§ **YOUR GOAL**
From the records below, return every line containing the word "close".

§ **RECORDS SHOWN**
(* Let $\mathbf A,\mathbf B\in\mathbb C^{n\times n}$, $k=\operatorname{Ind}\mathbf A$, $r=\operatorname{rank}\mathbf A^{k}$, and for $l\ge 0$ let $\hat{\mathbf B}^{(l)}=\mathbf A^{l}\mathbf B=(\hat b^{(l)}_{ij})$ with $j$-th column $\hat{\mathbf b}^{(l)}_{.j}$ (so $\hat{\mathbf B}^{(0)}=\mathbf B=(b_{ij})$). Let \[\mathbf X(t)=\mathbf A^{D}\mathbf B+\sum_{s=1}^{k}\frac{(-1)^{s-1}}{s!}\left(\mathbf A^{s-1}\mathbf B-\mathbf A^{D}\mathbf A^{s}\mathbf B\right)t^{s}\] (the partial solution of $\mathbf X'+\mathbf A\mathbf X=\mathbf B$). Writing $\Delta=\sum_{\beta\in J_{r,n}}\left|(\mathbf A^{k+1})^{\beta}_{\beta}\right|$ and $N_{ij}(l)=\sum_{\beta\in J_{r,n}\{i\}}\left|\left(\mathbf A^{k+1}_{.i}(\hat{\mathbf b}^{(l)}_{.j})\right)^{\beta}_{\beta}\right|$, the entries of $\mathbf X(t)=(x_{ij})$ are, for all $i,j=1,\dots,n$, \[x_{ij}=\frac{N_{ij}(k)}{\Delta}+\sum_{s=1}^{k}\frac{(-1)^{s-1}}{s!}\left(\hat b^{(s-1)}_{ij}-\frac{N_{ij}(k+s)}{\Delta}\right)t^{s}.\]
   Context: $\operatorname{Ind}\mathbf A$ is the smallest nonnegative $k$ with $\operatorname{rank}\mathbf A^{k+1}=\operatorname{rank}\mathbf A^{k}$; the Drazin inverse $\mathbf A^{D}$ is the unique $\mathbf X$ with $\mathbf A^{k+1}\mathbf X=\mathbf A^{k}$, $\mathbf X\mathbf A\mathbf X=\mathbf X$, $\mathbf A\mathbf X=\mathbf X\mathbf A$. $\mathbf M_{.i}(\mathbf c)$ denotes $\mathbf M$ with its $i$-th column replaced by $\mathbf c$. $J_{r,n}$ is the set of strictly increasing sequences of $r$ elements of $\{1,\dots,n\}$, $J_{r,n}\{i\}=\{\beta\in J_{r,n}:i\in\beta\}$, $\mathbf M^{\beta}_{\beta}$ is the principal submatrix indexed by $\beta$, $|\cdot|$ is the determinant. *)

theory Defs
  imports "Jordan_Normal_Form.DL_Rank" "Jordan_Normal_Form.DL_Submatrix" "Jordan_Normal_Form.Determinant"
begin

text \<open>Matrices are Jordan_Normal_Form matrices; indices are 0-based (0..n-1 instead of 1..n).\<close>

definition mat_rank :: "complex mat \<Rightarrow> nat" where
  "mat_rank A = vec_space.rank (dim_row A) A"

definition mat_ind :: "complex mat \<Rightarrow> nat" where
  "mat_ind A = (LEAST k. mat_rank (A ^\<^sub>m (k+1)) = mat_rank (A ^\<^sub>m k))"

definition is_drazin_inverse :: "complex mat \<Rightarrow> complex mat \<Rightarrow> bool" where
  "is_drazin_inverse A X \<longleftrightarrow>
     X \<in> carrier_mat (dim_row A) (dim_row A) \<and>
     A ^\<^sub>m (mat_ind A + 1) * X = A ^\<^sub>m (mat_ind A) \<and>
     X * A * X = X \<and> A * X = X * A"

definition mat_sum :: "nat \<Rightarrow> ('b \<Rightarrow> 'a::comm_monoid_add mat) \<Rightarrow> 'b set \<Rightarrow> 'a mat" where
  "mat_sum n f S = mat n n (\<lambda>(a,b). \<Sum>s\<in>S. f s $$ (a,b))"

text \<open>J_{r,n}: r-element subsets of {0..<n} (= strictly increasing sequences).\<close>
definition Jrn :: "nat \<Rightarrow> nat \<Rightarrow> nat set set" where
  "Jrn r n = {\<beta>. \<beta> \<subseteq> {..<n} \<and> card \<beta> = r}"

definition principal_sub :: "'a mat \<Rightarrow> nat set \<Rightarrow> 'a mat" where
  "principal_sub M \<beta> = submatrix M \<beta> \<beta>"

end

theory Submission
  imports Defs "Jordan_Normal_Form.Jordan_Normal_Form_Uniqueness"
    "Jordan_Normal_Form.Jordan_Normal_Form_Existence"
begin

§ **ANSWER TO THIS EXERCISE**
text \<open>Matrices are Jordan_Normal_Form matrices; indices are 0-based (0..n-1 instead of 1..n).\<close>
text \<open>J_{r,n}: r-element subsets of {0..<n} (= strictly increasing sequences).\<close>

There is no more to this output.